◆ **SUPPLIED DATA**
++++++

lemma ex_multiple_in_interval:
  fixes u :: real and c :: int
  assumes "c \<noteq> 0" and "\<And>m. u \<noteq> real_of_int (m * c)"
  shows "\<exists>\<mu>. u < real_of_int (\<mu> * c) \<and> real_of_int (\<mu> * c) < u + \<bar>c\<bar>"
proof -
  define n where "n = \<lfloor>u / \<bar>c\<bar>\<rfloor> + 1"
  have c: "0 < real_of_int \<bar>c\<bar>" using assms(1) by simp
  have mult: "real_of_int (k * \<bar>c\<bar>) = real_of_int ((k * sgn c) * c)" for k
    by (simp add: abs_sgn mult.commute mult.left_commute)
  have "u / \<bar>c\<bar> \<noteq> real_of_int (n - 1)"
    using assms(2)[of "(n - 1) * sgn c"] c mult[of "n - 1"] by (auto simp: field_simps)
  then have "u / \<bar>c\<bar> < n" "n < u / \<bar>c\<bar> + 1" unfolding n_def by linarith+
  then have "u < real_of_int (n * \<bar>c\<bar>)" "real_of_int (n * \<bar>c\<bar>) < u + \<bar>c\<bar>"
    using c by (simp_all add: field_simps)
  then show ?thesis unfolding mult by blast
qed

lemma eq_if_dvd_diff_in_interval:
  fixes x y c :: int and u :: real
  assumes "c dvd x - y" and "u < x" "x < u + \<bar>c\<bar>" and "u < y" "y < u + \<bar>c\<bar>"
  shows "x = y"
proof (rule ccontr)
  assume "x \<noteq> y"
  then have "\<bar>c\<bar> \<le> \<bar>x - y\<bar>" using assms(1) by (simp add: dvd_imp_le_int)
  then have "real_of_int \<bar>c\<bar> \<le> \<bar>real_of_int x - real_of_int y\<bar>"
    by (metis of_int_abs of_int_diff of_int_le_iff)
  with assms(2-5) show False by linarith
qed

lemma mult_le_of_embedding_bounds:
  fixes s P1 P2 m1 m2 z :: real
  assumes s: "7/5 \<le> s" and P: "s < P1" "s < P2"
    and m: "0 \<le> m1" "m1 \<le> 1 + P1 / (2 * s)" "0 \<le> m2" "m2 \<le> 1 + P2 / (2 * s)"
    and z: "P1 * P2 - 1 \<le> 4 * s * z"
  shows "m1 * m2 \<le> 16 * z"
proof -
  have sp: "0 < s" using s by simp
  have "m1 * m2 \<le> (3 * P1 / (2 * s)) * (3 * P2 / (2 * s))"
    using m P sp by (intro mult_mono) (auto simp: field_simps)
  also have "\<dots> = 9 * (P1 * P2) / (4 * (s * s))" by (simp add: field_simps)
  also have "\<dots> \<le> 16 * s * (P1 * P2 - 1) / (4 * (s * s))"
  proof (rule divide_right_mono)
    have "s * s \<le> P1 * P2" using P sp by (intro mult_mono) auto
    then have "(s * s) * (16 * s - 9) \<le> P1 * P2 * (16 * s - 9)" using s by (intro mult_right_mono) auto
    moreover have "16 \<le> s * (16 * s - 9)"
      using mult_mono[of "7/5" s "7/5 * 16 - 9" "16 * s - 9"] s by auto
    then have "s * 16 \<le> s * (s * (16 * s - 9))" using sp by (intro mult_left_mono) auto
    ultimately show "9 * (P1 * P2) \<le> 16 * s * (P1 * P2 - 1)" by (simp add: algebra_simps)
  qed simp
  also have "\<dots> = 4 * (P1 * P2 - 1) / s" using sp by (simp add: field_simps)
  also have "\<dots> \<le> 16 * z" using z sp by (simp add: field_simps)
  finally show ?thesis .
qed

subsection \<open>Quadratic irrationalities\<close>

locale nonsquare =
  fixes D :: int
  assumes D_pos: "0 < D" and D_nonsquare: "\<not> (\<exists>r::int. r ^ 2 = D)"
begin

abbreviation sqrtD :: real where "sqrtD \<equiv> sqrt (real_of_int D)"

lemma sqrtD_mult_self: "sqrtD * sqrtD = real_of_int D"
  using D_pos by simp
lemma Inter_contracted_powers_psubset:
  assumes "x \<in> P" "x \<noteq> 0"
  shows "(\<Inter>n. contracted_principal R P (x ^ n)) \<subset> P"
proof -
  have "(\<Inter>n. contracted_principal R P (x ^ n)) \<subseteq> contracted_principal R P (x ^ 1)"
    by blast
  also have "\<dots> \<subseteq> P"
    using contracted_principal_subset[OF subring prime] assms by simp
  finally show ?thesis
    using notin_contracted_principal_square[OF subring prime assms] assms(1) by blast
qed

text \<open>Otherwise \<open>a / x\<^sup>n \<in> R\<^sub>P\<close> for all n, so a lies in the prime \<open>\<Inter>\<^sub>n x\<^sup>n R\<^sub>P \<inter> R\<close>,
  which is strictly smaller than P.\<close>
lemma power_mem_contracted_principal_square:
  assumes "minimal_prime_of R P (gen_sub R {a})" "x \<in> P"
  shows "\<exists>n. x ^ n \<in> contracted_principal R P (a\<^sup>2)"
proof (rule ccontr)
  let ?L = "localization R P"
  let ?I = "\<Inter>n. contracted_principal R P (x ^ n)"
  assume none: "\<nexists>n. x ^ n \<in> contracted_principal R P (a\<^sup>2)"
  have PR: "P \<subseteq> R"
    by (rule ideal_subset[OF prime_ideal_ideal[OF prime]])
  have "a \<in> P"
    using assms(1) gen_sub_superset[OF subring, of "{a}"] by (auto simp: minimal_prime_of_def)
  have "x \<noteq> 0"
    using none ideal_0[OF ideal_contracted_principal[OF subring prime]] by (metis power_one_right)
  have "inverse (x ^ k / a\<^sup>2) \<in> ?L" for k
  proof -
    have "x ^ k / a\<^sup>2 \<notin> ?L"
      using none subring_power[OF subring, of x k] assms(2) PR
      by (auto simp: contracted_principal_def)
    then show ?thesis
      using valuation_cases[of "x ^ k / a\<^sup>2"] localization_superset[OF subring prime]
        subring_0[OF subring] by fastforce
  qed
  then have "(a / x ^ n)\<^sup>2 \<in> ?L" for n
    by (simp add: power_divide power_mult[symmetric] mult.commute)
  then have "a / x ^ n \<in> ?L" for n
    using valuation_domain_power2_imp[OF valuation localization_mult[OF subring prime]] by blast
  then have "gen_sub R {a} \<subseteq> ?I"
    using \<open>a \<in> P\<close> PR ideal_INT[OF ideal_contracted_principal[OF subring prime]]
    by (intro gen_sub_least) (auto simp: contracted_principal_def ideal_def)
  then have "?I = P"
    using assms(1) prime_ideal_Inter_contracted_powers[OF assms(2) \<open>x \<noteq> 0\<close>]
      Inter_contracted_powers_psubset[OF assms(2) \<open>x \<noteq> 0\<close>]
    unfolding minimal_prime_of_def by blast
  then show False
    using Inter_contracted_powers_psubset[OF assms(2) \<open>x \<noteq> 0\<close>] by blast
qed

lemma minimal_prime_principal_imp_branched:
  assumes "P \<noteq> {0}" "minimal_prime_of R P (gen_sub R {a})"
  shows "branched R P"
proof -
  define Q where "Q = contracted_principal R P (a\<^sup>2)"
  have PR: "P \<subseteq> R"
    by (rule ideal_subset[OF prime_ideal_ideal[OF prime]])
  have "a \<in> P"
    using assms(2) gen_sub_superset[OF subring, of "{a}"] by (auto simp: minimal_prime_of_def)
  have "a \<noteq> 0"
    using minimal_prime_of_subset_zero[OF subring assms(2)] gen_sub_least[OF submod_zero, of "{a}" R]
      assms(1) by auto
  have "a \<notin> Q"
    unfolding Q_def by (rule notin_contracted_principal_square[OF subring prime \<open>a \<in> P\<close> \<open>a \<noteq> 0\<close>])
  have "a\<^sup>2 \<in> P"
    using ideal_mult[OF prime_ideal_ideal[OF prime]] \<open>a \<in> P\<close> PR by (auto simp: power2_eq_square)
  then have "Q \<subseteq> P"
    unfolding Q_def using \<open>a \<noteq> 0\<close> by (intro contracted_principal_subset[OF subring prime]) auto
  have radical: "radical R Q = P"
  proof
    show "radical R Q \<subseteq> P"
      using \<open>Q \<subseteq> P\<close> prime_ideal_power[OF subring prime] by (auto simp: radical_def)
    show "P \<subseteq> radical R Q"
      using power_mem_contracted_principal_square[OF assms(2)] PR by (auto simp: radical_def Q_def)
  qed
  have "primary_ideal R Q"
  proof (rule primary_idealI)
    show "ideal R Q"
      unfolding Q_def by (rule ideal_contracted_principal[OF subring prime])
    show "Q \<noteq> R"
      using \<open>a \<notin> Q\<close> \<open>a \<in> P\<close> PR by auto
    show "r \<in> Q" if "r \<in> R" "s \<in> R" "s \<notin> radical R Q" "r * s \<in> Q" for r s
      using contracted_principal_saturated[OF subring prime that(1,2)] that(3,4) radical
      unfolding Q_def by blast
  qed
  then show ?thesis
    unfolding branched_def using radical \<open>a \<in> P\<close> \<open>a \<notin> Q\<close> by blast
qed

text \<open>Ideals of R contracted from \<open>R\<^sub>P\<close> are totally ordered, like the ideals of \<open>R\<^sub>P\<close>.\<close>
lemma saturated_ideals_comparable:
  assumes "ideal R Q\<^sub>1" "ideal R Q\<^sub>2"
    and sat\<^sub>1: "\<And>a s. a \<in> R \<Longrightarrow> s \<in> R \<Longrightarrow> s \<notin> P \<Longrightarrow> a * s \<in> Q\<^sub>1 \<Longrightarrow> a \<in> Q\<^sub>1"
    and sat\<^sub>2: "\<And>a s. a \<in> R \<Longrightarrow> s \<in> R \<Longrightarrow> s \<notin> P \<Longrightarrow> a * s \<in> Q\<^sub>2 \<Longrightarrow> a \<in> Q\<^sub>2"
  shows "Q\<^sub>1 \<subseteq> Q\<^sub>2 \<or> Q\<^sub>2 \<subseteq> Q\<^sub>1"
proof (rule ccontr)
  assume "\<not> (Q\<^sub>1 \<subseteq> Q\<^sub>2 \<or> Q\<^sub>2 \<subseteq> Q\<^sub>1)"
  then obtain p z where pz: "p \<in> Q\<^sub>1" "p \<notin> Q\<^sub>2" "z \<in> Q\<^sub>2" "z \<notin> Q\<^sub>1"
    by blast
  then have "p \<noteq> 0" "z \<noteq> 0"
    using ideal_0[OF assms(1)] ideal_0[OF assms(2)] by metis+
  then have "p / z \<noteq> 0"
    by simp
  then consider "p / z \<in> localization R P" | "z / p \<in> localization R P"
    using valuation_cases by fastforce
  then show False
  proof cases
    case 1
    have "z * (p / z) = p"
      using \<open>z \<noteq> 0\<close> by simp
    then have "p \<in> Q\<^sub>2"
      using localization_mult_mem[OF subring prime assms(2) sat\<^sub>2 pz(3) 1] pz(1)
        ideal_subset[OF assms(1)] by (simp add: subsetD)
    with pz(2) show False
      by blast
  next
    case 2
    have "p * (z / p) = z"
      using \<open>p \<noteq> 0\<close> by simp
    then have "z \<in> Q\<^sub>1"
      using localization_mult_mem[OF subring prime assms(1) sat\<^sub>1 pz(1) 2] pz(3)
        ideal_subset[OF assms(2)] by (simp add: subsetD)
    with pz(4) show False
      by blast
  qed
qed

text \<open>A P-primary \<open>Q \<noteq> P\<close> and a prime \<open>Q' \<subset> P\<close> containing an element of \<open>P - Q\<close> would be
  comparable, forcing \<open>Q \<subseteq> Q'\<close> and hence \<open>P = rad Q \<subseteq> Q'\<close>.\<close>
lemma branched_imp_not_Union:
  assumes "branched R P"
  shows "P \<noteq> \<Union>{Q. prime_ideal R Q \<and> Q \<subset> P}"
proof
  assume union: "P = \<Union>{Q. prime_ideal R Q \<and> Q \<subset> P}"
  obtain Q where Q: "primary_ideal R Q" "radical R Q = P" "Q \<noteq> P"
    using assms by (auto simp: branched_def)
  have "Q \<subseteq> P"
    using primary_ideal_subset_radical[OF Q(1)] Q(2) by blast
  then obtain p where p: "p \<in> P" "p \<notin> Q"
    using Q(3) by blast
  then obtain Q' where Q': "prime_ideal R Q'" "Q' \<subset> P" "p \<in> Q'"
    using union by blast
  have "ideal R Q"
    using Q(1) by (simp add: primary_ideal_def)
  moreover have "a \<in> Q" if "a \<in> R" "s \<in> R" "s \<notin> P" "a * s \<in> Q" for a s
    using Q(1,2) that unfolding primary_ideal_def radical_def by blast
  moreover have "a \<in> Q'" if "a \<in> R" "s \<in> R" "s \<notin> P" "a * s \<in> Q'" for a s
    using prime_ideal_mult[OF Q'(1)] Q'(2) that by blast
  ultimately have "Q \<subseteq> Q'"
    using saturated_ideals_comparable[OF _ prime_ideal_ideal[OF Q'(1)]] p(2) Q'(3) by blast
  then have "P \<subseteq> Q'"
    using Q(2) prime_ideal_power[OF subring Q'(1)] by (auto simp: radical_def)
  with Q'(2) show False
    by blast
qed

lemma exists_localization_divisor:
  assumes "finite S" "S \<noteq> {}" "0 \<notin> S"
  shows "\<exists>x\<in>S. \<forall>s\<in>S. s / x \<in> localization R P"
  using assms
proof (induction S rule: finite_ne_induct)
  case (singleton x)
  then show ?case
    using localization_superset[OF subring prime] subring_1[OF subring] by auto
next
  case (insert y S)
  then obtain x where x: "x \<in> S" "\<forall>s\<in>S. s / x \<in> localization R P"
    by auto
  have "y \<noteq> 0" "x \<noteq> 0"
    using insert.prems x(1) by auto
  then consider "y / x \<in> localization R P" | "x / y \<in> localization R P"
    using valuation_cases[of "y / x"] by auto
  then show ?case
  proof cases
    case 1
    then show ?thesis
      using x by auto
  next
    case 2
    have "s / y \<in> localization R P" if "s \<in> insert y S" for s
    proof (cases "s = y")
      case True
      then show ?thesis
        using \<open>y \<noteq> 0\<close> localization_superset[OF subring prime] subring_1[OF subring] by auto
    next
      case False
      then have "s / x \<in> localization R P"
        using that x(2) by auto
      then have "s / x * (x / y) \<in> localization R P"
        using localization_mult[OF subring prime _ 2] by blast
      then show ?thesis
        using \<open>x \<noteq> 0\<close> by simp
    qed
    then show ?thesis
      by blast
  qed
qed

++++++

◆ **TASK STATEMENT**
After locating the line that contains "by (simp add: abs_sgn", please copy exactly every line from the start of the records through it, and nothing else.

◆ **EXERCISE OUTPUT**
lemma ex_multiple_in_interval:
  fixes u :: real and c :: int
  assumes "c \<noteq> 0" and "\<And>m. u \<noteq> real_of_int (m * c)"
  shows "\<exists>\<mu>. u < real_of_int (\<mu> * c) \<and> real_of_int (\<mu> * c) < u + \<bar>c\<bar>"
proof -
  define n where "n = \<lfloor>u / \<bar>c\<bar>\<rfloor> + 1"
  have c: "0 < real_of_int \<bar>c\<bar>" using assms(1) by simp
  have mult: "real_of_int (k * \<bar>c\<bar>) = real_of_int ((k * sgn c) * c)" for k
    by (simp add: abs_sgn mult.commute mult.left_commute)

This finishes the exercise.